Work instruction
What lines in this listing contain the string "then"? Report each one by copying it.
The data section start
lemma msqrt_unitary_diag:
  assumes V: "unitary V" and l: "\<And>i. 0 \<le> l i"
  shows "msqrt (V ** diag_mat l ** cadj V) = V ** diag_mat (\<lambda>i. sqrt (l i)) ** cadj V"
  unfolding msqrt_def
proof (rule the_equality)
  show "psd (V ** diag_mat (\<lambda>i. sqrt (l i)) ** cadj V) \<and>
      (V ** diag_mat (\<lambda>i. sqrt (l i)) ** cadj V) ** (V ** diag_mat (\<lambda>i. sqrt (l i)) ** cadj V) =
      V ** diag_mat l ** cadj V"
    using V l by (simp add: psd_unitary_conj psd_diag_mat unitary_diag_conj_mult)
next
  fix C assume C: "psd C \<and> C ** C = V ** diag_mat l ** cadj V"
  then obtain Z g where Z: "unitary Z" and g: "\<And>i. 0 \<le> g i" and "C = Z ** diag_mat g ** cadj Z"
    using psd_diagonalization by metis
  moreover have "Z ** diag_mat (\<lambda>i. (g i)\<^sup>2) ** cadj Z = V ** diag_mat l ** cadj V"
    using C Z by (simp add: calculation(3) unitary_diag_conj_mult power2_eq_square)
  ultimately show "C = V ** diag_mat (\<lambda>i. sqrt (l i)) ** cadj V"
    using psd_unitary_diag_square_root_unique[OF Z V] by metis
qed

lemma re_ctrace_msqrt_unitary_diag:
  "unitary V \<Longrightarrow> (\<And>i. 0 \<le> l i) \<Longrightarrow>
    Re (ctrace (msqrt (V ** diag_mat l ** cadj V))) = (\<Sum>i\<in>UNIV. sqrt (l i))"
  by (simp add: msqrt_unitary_diag ctrace_unitary_conj ctrace_diag_mat)

section \<open>A trace inequality\<close>

lemma re_mult_le_amgm:
  fixes x y :: complex and s :: real
  assumes "0 < s"
  shows "Re (x * y) \<le> (s * (cmod x)\<^sup>2 + (cmod y)\<^sup>2 / s) / 2"
proof -
  have "Re (x * y) \<le> cmod x * cmod y"
    by (metis complex_Re_le_cmod norm_mult)
  moreover have "2 * s * (cmod x * cmod y) \<le> s * (s * (cmod x)\<^sup>2) + (cmod y)\<^sup>2"
    using zero_le_power2[of "s * cmod x - cmod y"] by (simp add: power2_eq_square algebra_simps)
  then have "2 * (cmod x * cmod y) \<le> s * (cmod x)\<^sup>2 + (cmod y)\<^sup>2 / s"
    using assms by (simp add: field_simps)
  ultimately show ?thesis
    by simp
qed

lemma unitary_diag_conj_diagonal:
  "(Z ** diag_mat d ** cadj Z) $ a $ a = of_real (\<Sum>m\<in>UNIV. d m * (cmod (Z $ a $ m))\<^sup>2)"
proof -
  have "(Z ** diag_mat d ** cadj Z) $ a $ a = (\<Sum>m\<in>UNIV. (Z ** diag_mat d) $ a $ m * cnj (Z $ a $ m))"
    by (simp only: matrix_matrix_mult_def[of "Z ** diag_mat d" "cadj Z"] vec_lambda_beta cadj_nth)
  also have "\<dots> = (\<Sum>m\<in>UNIV. of_real (d m) * (Z $ a $ m * cnj (Z $ a $ m)))"
    by (simp add: mult_diag_mat_nth mult_ac)
  finally show ?thesis
    by (simp add: mult_cnj_self)
qed

lemma unitary_row_norm:
  fixes Z :: "'n::finite cmat"
  shows "unitary Z \<Longrightarrow> (\<Sum>m\<in>UNIV. (cmod (Z $ a $ m))\<^sup>2) = 1"
proof -
  assume "unitary Z"
  moreover have "diag_mat (\<lambda>_. 1) = (mat 1 :: 'n cmat)"
    by (simp add: vec_eq_iff mat_nth)
  ultimately have "(Z ** diag_mat (\<lambda>_. 1) ** cadj Z) $ a $ a = 1"
    by (simp add: unitary_simps mat_nth)
  then have "of_real (\<Sum>m\<in>UNIV. (cmod (Z $ a $ m))\<^sup>2) = (1 :: complex)"
    by (simp only: unitary_diag_conj_diagonal mult_1)
  then show ?thesis
    by (simp only: of_real_eq_1_iff)
qed
(* Let $q=2^m$ with $m$ a positive integer, let $b\in\mathbb{F}_q^*$ and $\delta\in\mathbb{F}_{q^2}\setminus\mathbb{F}_q$, and let $i$ be a non-negative integer. Put $$A=b\,\mathrm{Tr}_{q^2/q}(\delta)^{2^i},\quad B=b\,\mathrm{Tr}_{q^2/q}(\delta)^{2^i}\delta^{2q+2},\quad C=\mathrm{Tr}_{q^2/q}(\delta)^2,\quad D=1/A,$$ and define $S_{-1}=0$, $S_0=1$, $S_k=C^{2^{k-1}}S_{k-1}+D^{2^{k-1}}S_{k-2}$ for $k\geq1$. If the polynomial $$P(x)=b(x^q+x+\delta)^{2q+2^i+2}+x$$ permutes $\mathbb{F}_{q^2}$, then its compositional inverse over $\mathbb{F}_{q^2}$ is $$P^{-1}(x)=x+b\left(\delta+\sum_{k=0}^{m-1}\left(D^{2^k}S_{m-2-k}^{2^{k+1}}+D^{1-2^{k}}S_k\right)\left(x^q+x+B\right)^{2^k}\right)^{2q+2^i+2}.$$
   Context: $\mathrm{Tr}_{q^2/q}(y)=y+y^q$. The compositional inverse of a permutation polynomial $f$ of $\mathbb{F}_{Q}$ is the unique polynomial $f^{-1}$ (modulo $x^Q-x$) with $f(f^{-1}(c))=f^{-1}(f(c))=c$ for all $c\in\mathbb{F}_Q$. *)

theory Defs
  imports Main "HOL-Library.Cardinality"
begin

definition trace2 :: "nat \<Rightarrow> 'a::field \<Rightarrow> 'a" where
  "trace2 q y = y + y ^ q"

text \<open>Shifted sequence: Sseq C D (j+1) = S_j, so Sseq C D 0 = S_{-1} = 0, Sseq C D 1 = S_0 = 1,
  and S_k = C^(2^(k-1)) S_{k-1} + D^(2^(k-1)) S_{k-2} for k >= 1.\<close>
fun Sseq :: "'a::field \<Rightarrow> 'a \<Rightarrow> nat \<Rightarrow> 'a" where
  "Sseq C D 0 = 0"
| "Sseq C D (Suc 0) = 1"
| "Sseq C D (Suc (Suc n)) = C ^ (2 ^ n) * Sseq C D (Suc n) + D ^ (2 ^ n) * Sseq C D n"

definition S :: "'a::field \<Rightarrow> 'a \<Rightarrow> int \<Rightarrow> 'a" where
  "S C D j = Sseq C D (nat (j + 1))"

end

theory Submission
  imports Defs "HOL-Computational_Algebra.Polynomial"
begin

text \<open>
  Write Tr x = x^q + x and h t = b (t + \<delta>)^(2q + 2^i + 2), so that P x = h (Tr x) + x. For t in
  F_q one finds Tr (h t) = A (t^4 + C t^2) + B, hence Tr (P x) + B = A L (Tr x) for the linearized
  polynomial L x = x^4 + C x^2 + D x with D = 1/A. Injectivity of P forces L to be injective on
  F_q, and then y \<mapsto> y + h (R (Tr y + B)) inverts P for every R with L (R u) = D u on F_q.

  The R of the theorem, R u = \<Sum>k<m. c_k u^(2^k), satisfies L (R u) = D \<tau> u, where \<tau> is the
  trace of the product M_(m-1) \<cdots> M_0 of the matrices M_k = [[C^(2^k), D^(2^k)], [1, 0]]; the
  entries of such products are values of S. As C and D lie in F_q, the entrywise square of this
  product is its conjugate by M_0, so \<tau>^2 = \<tau>. Finally \<tau> = 0 is impossible: L would
  annihilate R on F_q, so R would vanish on F_q and all its coefficients would be zero. This
  determines enough values of S to make L annihilate also the part of R coming from the summands
  D^(1-2^k) S_k, whose constant coefficient is 1.
\<close>

section \<open>Characteristic two and finite fields\<close>

lemma char2_add_self:
  fixes x :: "'a::ring_1"
  assumes char2: "(1::'a) + 1 = 0"
  shows "x + x = 0"
proof -
  have "x + x = x * (1 + 1)" by (simp only: distrib_left mult_1_right)
  with char2 show ?thesis by simp
qed

lemma char2_minus:
  fixes x :: "'a::ring_1"
  assumes char2: "(1::'a) + 1 = 0"
  shows "- x = x"
  using char2_add_self[OF char2, of x] by (simp add: add_eq_0_iff)

lemma char2_add_eq_0_iff:
  fixes x y :: "'a::ring_1"
  assumes char2: "(1::'a) + 1 = 0"
  shows "x + y = 0 \<longleftrightarrow> x = y"
  by (metis add_eq_0_iff char2_minus[OF char2])
(* Consider the Hadamard walk, i.e. the quantum random walk determined by $U=H=\frac{1}{\sqrt2}\begin{pmatrix}1&1\\1&-1\end{pmatrix}$. (a) For every $\varphi={}^t[\alpha,\beta]$ with $|\alpha|=|\beta|=1/\sqrt2$ and $\alpha\overline\beta+\overline\alpha\beta=0$, one has $E(X_n^{\varphi})=0$ for all $n$ and $\mathrm{sd}(X_n^{\varphi})/n\to\sqrt{(2-\sqrt2)/2}$ as $n\to\infty$. (b) For $\varphi={}^t[0,e^{i\theta}]$, $\theta\in[0,2\pi)$, $X_n^{\varphi}/n$ converges in distribution to the law with density $\frac{1}{\pi(1-x)\sqrt{1-2x^2}}$ on $(-\sqrt2/2,\sqrt2/2)$, and $E(X_n^{\varphi})/n\to(2-\sqrt2)/2$, $\mathrm{sd}(X_n^{\varphi})/n\to\sqrt{(\sqrt2-1)/2}$. (c) For $\varphi={}^t[e^{i\theta},0]$, $X_n^{\varphi}/n$ converges in distribution to the law with density $\frac{1}{\pi(1+x)\sqrt{1-2x^2}}$ on $(-\sqrt2/2,\sqrt2/2)$, and $\mathrm{sd}(X_n^{\varphi})/n\to\sqrt{(\sqrt2-1)/2}$.
   Context: Quantum random walk on $\mathbf{Z}$ determined by a $2\times2$ unitary matrix $U=\begin{pmatrix} a & b\\ c & d\end{pmatrix}$: set $P=\begin{pmatrix} a & b\\ 0&0\end{pmatrix}$, $Q=\begin{pmatrix} 0&0\\ c & d\end{pmatrix}$. Given $\varphi={}^t[\alpha,\beta]\in\mathbf{C}^2$ with $|\alpha|^2+|\beta|^2=1$, define $\Psi_0(0)=\varphi$, $\Psi_k(0)=0$ for $k\ne0$, $\Psi_k(n+1)=P\Psi_{k+1}(n)+Q\Psi_{k-1}(n)$; $X_n^{\varphi}$ takes value $k$ with probability $\|\Psi_k(n)\|^2$. $\mathrm{sd}(X)$ denotes the standard deviation of $X$. *)

theory Defs
  imports "HOL-Probability.Probability"
begin

text \<open>Quantum random walk on the integers determined by U = [[a,b],[c,d]].
  A vector in C^2 is represented as a pair (first, second component).
  P = [[a,b],[0,0]], Q = [[0,0],[c,d]].\<close>

fun qw_Psi :: "complex \<Rightarrow> complex \<Rightarrow> complex \<Rightarrow> complex \<Rightarrow> complex \<times> complex
                 \<Rightarrow> nat \<Rightarrow> int \<Rightarrow> complex \<times> complex" where
  "qw_Psi a b c d \<phi> 0 k = (if k = 0 then \<phi> else (0, 0))"
| "qw_Psi a b c d \<phi> (Suc n) k =
     (let (x1, y1) = qw_Psi a b c d \<phi> n (k + 1);
          (x2, y2) = qw_Psi a b c d \<phi> n (k - 1)
      in (a * x1 + b * y1, c * x2 + d * y2))"

definition qw_prob :: "complex \<Rightarrow> complex \<Rightarrow> complex \<Rightarrow> complex \<Rightarrow> complex \<times> complex
                 \<Rightarrow> nat \<Rightarrow> int \<Rightarrow> real" where
  "qw_prob a b c d \<phi> n k =
     (cmod (fst (qw_Psi a b c d \<phi> n k)))\<^sup>2 + (cmod (snd (qw_Psi a b c d \<phi> n k)))\<^sup>2"

definition had_prob :: "complex \<times> complex \<Rightarrow> nat \<Rightarrow> int \<Rightarrow> real" where
  "had_prob \<phi> n k = qw_prob (1 / sqrt 2) (1 / sqrt 2) (1 / sqrt 2) (- 1 / sqrt 2) \<phi> n k"

text \<open>X_n is supported in {-n..n}, so its moments are finite sums over this range.\<close>
definition had_E :: "complex \<times> complex \<Rightarrow> nat \<Rightarrow> real" where
  "had_E \<phi> n = (\<Sum>k\<in>{- int n..int n}. real_of_int k * had_prob \<phi> n k)"

definition had_Var :: "complex \<times> complex \<Rightarrow> nat \<Rightarrow> real" where
  "had_Var \<phi> n = (\<Sum>k\<in>{- int n..int n}. (real_of_int k - had_E \<phi> n)\<^sup>2 * had_prob \<phi> n k)"

definition had_sd :: "complex \<times> complex \<Rightarrow> nat \<Rightarrow> real" where
  "had_sd \<phi> n = sqrt (had_Var \<phi> n)"

definition had_cdf_scaled :: "complex \<times> complex \<Rightarrow> nat \<Rightarrow> real \<Rightarrow> real" where
  "had_cdf_scaled \<phi> n x =
     (\<Sum>k\<in>{k\<in>{- int n..int n}. real_of_int k / real n \<le> x}. had_prob \<phi> n k)"

end

theory Submission
  imports Defs
begin

text \<open>Fourier transformation in the position \<open>k\<close> turns the walk into multiplication by a unitary
  \<open>2 \<times> 2\<close> symbol \<open>U(\<theta>)\<close>: the transformed amplitudes are \<open>U(\<theta>)\<^sup>n \<phi>\<close>. By Parseval, the
  characteristic function of \<open>X\<^sub>n / n\<close> at \<open>\<xi>\<close> is the mean over \<open>\<theta>\<close> of
  \<open>\<langle>U(\<theta>)\<^sup>n \<phi>, U(\<theta> + \<xi> / n)\<^sup>n \<phi>\<rangle>\<close>. The symbol has the distinct unimodular eigenvalues
  \<open>e\<^bsup>i\<omega>(\<theta>)\<^esup>\<close> and \<open>-e\<^bsup>-i\<omega>(\<theta>)\<^esup>\<close> with orthogonal eigenvectors, so the cross terms vanish as
  \<open>n \<rightarrow> \<infinity>\<close>, while the diagonal terms tend to \<open>e\<^bsup>\<mp>i\<xi> vel(\<theta>)\<^esup>\<close>, where \<open>vel = -\<omega>'\<close> is the group
  velocity \<open>cos \<theta> / sqrt (1 + cos\<^sup>2 \<theta>)\<close>. Dominated convergence and Levy's continuity theorem show
  that \<open>X\<^sub>n / n\<close> converges weakly to \<open>- vel(\<Theta>)\<close> resp. \<open>vel(\<Theta>)\<close>, \<open>\<Theta>\<close> uniform on \<open>[0, 2\<pi>]\<close>, with
  probabilities the squared norms of the two spectral components of \<open>\<phi>\<close>. As \<open>|X\<^sub>n / n| \<le> 1\<close>, mean
  and variance converge to the corresponding integrals of \<open>vel\<close>. For \<open>\<phi> = (0, e\<^bsup>it\<^esup>)\<close> and
  \<open>(e\<^bsup>it\<^esup>, 0)\<close> these probabilities are \<open>(1 \<mp> vel(\<theta>)) / 2\<close>, and the substitution \<open>x = - vel(\<theta>)\<close>
  yields Konno's density. For the states of part (a) the law of \<open>X\<^sub>n\<close> is invariant under
  \<open>k \<mapsto> -k\<close>, so the mean vanishes.\<close>

section \<open>Vectors in \<open>\<complex>\<^sup>2\<close>\<close>

definition cscale :: "complex \<Rightarrow> complex \<times> complex \<Rightarrow> complex \<times> complex" where
  "cscale c u = (c * fst u, c * snd u)"

definition cinner :: "complex \<times> complex \<Rightarrow> complex \<times> complex \<Rightarrow> complex" where
  "cinner u w = cnj (fst u) * fst w + cnj (snd u) * snd w"

definition sqnorm :: "complex \<times> complex \<Rightarrow> real" where
  "sqnorm u = (cmod (fst u))\<^sup>2 + (cmod (snd u))\<^sup>2"

lemma sqnorm_Pair [simp]: "sqnorm (a, b) = (cmod a)\<^sup>2 + (cmod b)\<^sup>2"
  by (simp add: sqnorm_def)

lemma sqnorm_nonneg: "sqnorm u \<ge> 0"
  by (simp add: sqnorm_def)

lemma cinner_self: "cinner u u = complex_of_real (sqnorm u)"
  unfolding cinner_def sqnorm_def of_real_add complex_norm_square by (simp add: mult.commute)

lemma cinner_commute: "cinner w u = cnj (cinner u w)"
  by (simp add: cinner_def)

lemma cinner_cscale: "cinner (cscale a u) (cscale b w) = cnj a * b * cinner u w"
  by (simp add: cinner_def cscale_def algebra_simps)

lemma cinner_add_cscale:
  "cinner (cscale a1 w1 + cscale a2 w2) (cscale b1 z1 + cscale b2 z2) =
     cnj a1 * b1 * cinner w1 z1 + cnj a1 * b2 * cinner w1 z2
   + cnj a2 * b1 * cinner w2 z1 + cnj a2 * b2 * cinner w2 z2"
  by (simp add: cinner_def cscale_def algebra_simps)

lemma sqnorm_cscale: "sqnorm (cscale c u) = (cmod c)\<^sup>2 * sqnorm u"
  by (simp add: sqnorm_def cscale_def norm_mult power_mult_distrib algebra_simps)

lemma sqnorm_add_orthogonal:
  assumes "cinner u w = 0"
  shows "sqnorm (u + w) = sqnorm u + sqnorm w"
proof -
  have "complex_of_real (sqnorm (u + w)) = cinner u u + cinner w w + cinner u w + cnj (cinner u w)"
    unfolding cinner_self[symmetric] by (simp add: cinner_def algebra_simps)
  then show ?thesis
    using assms by (simp add: cinner_self flip: of_real_add)
qed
The data section end
Exercise response
  then obtain Z g where Z: "unitary Z" and g: "\<And>i. 0 \<le> g i" and "C = Z ** diag_mat g ** cadj Z"
  then have "2 * (cmod x * cmod y) \<le> s * (cmod x)\<^sup>2 + (cmod y)\<^sup>2 / s"
  then have "of_real (\<Sum>m\<in>UNIV. (cmod (Z $ a $ m))\<^sup>2) = (1 :: complex)"
  then show ?thesis
(* Let $q=2^m$ with $m$ a positive integer, let $b\in\mathbb{F}_q^*$ and $\delta\in\mathbb{F}_{q^2}\setminus\mathbb{F}_q$, and let $i$ be a non-negative integer. Put $$A=b\,\mathrm{Tr}_{q^2/q}(\delta)^{2^i},\quad B=b\,\mathrm{Tr}_{q^2/q}(\delta)^{2^i}\delta^{2q+2},\quad C=\mathrm{Tr}_{q^2/q}(\delta)^2,\quad D=1/A,$$ and define $S_{-1}=0$, $S_0=1$, $S_k=C^{2^{k-1}}S_{k-1}+D^{2^{k-1}}S_{k-2}$ for $k\geq1$. If the polynomial $$P(x)=b(x^q+x+\delta)^{2q+2^i+2}+x$$ permutes $\mathbb{F}_{q^2}$, then its compositional inverse over $\mathbb{F}_{q^2}$ is $$P^{-1}(x)=x+b\left(\delta+\sum_{k=0}^{m-1}\left(D^{2^k}S_{m-2-k}^{2^{k+1}}+D^{1-2^{k}}S_k\right)\left(x^q+x+B\right)^{2^k}\right)^{2q+2^i+2}.$$
  F_q, and then y \<mapsto> y + h (R (Tr y + B)) inverts P for every R with L (R u) = D u on F_q.
  "qw_Psi a b c d \<phi> 0 k = (if k = 0 then \<phi> else (0, 0))"
  then show ?thesis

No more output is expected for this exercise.